[Stored data entries]
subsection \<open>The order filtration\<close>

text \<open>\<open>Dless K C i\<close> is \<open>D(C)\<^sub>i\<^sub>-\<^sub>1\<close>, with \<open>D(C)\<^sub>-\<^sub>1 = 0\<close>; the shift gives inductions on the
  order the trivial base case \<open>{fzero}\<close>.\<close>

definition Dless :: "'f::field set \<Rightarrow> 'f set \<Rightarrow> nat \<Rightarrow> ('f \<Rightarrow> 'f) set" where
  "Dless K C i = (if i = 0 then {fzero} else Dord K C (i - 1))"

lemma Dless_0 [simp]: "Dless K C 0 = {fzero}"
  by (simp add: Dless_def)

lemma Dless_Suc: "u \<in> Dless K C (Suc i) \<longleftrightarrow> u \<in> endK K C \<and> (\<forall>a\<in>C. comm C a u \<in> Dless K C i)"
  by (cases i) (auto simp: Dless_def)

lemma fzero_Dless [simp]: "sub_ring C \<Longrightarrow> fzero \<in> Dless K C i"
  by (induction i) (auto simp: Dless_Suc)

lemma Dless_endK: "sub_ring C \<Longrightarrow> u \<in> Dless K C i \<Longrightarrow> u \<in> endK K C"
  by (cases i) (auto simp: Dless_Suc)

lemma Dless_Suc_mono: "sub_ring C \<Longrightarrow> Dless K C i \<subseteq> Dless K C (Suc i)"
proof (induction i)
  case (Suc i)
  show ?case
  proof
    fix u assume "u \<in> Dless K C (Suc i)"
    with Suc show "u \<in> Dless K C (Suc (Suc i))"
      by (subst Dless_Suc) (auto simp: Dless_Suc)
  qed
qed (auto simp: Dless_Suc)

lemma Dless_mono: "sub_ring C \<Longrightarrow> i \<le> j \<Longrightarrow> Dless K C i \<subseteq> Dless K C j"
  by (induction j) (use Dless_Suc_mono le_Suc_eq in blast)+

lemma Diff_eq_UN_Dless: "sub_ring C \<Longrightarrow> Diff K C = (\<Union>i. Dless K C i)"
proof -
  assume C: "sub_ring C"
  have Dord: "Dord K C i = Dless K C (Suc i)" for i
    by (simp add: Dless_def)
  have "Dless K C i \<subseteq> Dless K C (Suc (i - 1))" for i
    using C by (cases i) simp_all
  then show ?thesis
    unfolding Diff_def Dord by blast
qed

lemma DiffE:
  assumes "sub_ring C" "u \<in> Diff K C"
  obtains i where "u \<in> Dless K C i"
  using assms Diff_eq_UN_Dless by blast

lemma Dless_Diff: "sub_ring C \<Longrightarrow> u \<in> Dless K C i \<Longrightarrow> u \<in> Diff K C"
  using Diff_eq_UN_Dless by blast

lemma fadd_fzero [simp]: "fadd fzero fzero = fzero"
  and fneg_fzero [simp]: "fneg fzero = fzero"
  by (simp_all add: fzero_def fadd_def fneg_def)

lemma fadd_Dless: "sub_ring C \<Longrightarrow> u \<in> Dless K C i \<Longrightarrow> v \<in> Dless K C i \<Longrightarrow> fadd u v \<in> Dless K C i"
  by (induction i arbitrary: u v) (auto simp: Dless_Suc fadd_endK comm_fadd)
* * *
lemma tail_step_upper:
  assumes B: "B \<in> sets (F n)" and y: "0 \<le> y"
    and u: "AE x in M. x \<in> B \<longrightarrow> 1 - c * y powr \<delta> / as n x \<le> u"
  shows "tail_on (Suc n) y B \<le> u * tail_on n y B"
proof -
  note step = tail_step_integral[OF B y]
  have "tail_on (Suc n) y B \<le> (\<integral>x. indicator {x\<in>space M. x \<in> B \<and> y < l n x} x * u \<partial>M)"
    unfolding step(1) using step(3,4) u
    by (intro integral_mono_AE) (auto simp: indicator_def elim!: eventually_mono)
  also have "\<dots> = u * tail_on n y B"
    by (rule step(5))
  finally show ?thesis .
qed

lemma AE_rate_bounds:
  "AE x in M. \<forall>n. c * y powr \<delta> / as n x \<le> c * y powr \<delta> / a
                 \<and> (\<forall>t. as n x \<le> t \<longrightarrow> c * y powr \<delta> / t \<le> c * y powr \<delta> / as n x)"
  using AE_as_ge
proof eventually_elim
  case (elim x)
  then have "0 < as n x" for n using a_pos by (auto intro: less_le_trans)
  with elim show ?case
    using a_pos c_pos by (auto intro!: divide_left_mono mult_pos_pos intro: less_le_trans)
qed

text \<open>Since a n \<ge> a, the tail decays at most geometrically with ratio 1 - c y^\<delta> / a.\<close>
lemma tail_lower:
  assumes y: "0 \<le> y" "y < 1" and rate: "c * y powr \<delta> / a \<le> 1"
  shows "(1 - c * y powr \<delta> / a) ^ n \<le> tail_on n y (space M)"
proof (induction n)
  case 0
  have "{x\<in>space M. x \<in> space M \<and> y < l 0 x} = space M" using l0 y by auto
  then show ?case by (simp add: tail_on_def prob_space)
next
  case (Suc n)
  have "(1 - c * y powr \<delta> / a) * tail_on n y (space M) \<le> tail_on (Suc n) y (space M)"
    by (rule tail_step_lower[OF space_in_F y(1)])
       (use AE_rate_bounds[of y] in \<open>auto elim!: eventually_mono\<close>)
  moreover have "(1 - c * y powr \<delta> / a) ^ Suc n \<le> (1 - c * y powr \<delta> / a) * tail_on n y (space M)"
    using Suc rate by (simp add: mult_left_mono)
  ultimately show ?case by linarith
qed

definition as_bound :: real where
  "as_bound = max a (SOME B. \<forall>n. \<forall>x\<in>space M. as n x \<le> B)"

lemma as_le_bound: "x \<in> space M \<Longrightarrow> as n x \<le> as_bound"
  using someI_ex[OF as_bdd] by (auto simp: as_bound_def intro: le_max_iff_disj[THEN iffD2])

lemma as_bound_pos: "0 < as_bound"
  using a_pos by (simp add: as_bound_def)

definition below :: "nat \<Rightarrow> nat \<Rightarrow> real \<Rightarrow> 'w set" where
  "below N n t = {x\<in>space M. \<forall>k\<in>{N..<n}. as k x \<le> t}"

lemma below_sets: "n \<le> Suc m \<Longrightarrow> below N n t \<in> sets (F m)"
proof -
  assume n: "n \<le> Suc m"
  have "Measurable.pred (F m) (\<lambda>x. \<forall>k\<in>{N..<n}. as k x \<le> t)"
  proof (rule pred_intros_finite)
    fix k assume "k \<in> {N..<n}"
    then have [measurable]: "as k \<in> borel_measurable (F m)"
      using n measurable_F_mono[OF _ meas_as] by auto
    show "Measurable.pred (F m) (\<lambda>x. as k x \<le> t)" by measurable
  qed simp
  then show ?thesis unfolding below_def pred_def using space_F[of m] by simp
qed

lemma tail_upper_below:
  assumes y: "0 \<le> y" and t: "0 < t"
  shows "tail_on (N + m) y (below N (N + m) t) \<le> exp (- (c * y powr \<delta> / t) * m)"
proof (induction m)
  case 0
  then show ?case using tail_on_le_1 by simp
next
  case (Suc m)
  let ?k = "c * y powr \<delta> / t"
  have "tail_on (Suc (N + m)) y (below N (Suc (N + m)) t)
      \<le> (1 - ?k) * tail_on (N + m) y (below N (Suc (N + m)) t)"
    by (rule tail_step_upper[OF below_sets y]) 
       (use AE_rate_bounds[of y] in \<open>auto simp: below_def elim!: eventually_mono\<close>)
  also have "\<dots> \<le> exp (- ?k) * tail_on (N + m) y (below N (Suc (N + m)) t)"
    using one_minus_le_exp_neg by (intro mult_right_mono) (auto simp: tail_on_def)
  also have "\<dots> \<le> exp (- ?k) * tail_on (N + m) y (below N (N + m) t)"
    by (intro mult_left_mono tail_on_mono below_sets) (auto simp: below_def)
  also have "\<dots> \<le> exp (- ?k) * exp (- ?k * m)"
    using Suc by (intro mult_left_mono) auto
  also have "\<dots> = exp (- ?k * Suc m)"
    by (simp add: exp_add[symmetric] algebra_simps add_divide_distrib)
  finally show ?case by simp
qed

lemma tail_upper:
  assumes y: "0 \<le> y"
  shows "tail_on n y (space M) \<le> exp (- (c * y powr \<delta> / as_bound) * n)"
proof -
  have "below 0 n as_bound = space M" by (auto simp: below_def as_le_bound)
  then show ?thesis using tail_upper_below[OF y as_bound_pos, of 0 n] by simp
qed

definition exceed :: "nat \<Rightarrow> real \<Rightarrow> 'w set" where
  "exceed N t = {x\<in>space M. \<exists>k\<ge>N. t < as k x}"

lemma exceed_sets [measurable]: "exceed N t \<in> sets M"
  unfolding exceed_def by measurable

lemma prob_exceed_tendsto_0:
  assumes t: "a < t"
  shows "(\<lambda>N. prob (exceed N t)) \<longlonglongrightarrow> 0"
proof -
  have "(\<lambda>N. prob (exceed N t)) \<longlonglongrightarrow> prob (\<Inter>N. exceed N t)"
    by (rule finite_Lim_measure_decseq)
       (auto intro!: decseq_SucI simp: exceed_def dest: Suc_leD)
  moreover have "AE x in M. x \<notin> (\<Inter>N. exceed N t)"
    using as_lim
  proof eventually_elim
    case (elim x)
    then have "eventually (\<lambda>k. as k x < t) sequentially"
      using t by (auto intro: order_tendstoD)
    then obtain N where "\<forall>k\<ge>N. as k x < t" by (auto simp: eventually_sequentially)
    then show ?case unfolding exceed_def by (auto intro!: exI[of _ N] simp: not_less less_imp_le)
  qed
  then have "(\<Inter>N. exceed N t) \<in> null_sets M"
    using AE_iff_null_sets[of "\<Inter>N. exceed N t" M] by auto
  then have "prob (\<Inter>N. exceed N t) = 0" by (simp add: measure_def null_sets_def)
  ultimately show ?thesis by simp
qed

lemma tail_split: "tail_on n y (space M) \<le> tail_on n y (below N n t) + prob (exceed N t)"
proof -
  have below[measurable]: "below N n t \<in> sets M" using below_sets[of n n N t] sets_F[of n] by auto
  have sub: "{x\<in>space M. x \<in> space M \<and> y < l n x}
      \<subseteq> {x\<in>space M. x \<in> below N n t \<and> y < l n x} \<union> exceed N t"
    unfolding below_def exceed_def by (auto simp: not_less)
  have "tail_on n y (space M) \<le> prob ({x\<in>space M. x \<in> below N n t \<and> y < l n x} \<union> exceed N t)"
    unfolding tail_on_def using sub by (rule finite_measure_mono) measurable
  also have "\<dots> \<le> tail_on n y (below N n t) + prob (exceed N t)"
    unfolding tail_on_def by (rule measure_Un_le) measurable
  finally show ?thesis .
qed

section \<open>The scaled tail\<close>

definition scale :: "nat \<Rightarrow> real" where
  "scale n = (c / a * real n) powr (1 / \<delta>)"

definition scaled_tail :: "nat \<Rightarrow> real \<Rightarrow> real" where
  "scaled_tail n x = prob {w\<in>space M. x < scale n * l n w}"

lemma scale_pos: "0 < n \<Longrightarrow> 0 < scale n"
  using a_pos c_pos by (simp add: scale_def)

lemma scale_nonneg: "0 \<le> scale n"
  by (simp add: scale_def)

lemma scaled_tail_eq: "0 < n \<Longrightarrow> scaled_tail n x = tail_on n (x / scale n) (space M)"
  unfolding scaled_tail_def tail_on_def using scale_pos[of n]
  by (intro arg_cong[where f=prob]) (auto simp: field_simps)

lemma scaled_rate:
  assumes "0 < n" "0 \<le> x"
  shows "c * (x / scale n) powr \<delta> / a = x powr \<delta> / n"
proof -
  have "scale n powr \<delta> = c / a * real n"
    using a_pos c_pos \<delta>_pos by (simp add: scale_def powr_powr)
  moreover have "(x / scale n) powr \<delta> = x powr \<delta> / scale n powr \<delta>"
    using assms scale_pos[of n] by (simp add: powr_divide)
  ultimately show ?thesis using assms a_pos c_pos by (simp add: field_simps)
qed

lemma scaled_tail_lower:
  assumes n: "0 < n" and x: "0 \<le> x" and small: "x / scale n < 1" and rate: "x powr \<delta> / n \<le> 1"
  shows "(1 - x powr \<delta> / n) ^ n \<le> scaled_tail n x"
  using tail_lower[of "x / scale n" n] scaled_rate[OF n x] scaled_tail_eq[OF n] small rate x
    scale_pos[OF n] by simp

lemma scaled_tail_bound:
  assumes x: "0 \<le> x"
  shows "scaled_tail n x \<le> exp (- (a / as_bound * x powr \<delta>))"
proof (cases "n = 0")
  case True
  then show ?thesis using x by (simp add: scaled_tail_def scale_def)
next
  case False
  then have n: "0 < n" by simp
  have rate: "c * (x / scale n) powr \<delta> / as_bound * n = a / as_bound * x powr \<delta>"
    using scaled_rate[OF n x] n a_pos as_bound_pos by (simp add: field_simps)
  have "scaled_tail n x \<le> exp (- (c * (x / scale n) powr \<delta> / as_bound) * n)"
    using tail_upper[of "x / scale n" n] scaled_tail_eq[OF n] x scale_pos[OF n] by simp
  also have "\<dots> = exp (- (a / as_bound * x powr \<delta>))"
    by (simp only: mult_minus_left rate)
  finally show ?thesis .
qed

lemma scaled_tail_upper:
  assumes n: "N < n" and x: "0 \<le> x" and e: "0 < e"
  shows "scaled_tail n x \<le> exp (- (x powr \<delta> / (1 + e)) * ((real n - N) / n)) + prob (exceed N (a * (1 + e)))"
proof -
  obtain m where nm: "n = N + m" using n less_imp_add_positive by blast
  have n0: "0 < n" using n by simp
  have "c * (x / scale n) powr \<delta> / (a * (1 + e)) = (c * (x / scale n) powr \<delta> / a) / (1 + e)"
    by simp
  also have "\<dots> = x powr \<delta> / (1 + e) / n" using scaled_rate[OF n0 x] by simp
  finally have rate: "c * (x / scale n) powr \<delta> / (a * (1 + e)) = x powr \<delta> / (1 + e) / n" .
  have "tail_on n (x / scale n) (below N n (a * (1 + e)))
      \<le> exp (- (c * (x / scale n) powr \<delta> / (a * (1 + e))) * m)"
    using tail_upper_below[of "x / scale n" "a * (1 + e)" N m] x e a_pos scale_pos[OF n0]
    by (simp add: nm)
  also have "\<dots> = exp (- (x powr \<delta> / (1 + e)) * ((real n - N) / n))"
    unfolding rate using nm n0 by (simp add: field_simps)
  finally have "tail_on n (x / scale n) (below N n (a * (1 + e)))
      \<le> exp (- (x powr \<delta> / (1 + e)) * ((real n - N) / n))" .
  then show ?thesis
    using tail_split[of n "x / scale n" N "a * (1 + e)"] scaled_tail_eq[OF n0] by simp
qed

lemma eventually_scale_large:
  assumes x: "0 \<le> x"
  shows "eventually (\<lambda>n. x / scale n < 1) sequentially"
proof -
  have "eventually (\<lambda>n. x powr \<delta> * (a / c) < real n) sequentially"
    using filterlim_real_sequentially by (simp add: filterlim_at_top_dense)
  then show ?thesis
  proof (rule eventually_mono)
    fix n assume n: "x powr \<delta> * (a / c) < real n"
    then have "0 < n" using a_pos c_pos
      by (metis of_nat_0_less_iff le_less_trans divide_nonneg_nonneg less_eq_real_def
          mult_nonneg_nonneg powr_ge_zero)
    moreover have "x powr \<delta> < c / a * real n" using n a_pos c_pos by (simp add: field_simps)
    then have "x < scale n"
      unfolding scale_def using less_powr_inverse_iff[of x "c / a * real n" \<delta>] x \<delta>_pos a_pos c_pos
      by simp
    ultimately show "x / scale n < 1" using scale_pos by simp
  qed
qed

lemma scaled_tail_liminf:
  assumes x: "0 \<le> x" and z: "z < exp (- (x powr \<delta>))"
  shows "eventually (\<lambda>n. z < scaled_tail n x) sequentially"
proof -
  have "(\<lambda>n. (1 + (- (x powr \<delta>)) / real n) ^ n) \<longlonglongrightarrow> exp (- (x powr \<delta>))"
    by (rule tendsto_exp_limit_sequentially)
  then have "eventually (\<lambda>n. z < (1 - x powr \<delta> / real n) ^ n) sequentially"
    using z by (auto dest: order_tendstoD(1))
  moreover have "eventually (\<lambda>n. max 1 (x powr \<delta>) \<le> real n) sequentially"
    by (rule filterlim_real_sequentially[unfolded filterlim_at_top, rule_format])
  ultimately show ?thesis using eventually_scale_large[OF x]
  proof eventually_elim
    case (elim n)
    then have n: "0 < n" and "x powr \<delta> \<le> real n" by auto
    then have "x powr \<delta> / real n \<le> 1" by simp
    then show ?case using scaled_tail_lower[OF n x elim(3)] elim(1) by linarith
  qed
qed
* * *
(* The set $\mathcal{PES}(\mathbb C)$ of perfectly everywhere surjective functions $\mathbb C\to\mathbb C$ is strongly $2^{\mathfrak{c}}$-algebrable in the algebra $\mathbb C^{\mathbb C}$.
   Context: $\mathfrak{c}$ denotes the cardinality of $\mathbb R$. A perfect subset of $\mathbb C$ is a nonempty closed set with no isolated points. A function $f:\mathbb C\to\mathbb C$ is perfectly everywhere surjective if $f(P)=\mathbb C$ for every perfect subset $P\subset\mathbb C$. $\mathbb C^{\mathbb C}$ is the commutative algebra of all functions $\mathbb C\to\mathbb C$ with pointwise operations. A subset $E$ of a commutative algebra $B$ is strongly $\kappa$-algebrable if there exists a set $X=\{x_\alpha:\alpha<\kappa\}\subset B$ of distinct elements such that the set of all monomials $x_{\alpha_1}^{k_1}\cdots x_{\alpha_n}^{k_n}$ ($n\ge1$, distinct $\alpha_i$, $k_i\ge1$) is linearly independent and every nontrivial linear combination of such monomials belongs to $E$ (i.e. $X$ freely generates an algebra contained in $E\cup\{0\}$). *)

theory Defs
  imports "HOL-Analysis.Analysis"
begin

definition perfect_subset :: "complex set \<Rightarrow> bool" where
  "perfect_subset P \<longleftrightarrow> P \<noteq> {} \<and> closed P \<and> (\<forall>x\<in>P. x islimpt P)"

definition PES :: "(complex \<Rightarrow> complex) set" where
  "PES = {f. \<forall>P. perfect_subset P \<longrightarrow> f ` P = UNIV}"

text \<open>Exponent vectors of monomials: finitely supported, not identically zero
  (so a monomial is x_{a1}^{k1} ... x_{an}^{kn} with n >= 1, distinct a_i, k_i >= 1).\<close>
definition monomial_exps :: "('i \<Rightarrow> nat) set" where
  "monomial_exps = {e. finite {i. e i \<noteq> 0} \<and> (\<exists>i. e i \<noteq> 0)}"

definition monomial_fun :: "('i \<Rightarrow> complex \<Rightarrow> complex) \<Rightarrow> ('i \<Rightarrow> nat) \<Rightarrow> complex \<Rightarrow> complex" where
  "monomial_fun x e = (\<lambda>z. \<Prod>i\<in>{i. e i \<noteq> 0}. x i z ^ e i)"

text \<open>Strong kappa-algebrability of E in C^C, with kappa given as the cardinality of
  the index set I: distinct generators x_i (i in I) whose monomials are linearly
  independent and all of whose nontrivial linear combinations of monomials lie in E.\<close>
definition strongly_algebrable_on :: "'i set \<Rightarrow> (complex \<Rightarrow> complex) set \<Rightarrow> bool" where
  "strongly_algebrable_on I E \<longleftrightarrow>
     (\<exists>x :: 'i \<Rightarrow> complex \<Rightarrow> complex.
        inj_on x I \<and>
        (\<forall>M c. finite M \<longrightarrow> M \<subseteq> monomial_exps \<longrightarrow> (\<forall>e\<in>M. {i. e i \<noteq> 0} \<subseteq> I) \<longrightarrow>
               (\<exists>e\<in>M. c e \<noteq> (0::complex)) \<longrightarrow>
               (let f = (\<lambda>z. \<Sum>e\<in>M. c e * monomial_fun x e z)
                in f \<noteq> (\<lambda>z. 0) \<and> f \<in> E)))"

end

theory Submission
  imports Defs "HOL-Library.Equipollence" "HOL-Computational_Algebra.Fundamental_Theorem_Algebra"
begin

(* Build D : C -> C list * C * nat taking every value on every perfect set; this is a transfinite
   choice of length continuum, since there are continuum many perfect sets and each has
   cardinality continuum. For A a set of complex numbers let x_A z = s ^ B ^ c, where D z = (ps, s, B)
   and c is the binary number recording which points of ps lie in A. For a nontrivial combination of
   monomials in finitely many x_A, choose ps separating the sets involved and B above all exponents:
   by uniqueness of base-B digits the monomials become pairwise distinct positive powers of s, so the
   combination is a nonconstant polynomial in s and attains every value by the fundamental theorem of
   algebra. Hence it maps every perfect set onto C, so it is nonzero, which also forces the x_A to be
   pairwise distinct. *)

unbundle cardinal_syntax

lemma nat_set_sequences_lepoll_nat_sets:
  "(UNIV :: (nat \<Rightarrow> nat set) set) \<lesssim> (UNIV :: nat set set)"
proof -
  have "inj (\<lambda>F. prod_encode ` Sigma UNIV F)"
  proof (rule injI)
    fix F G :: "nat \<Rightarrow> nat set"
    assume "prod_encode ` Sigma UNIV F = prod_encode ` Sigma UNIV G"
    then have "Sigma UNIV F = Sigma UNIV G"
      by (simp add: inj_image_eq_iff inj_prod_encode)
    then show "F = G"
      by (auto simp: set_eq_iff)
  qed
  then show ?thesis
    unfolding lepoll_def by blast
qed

* **ABOUT THIS EXERCISE**:
Repeat exactly the lines above from the one with "subsection \<open>The order" up to and including the one with "by (cases i) (auto simp: Dless_def)". No other line belongs in the reply.

* **YOUR RESPONSE**:
subsection \<open>The order filtration\<close>

text \<open>\<open>Dless K C i\<close> is \<open>D(C)\<^sub>i\<^sub>-\<^sub>1\<close>, with \<open>D(C)\<^sub>-\<^sub>1 = 0\<close>; the shift gives inductions on the
  order the trivial base case \<open>{fzero}\<close>.\<close>

definition Dless :: "'f::field set \<Rightarrow> 'f set \<Rightarrow> nat \<Rightarrow> ('f \<Rightarrow> 'f) set" where
  "Dless K C i = (if i = 0 then {fzero} else Dord K C (i - 1))"

lemma Dless_0 [simp]: "Dless K C 0 = {fzero}"
  by (simp add: Dless_def)

lemma Dless_Suc: "u \<in> Dless K C (Suc i) \<longleftrightarrow> u \<in> endK K C \<and> (\<forall>a\<in>C. comm C a u \<in> Dless K C i)"
  by (cases i) (auto simp: Dless_def)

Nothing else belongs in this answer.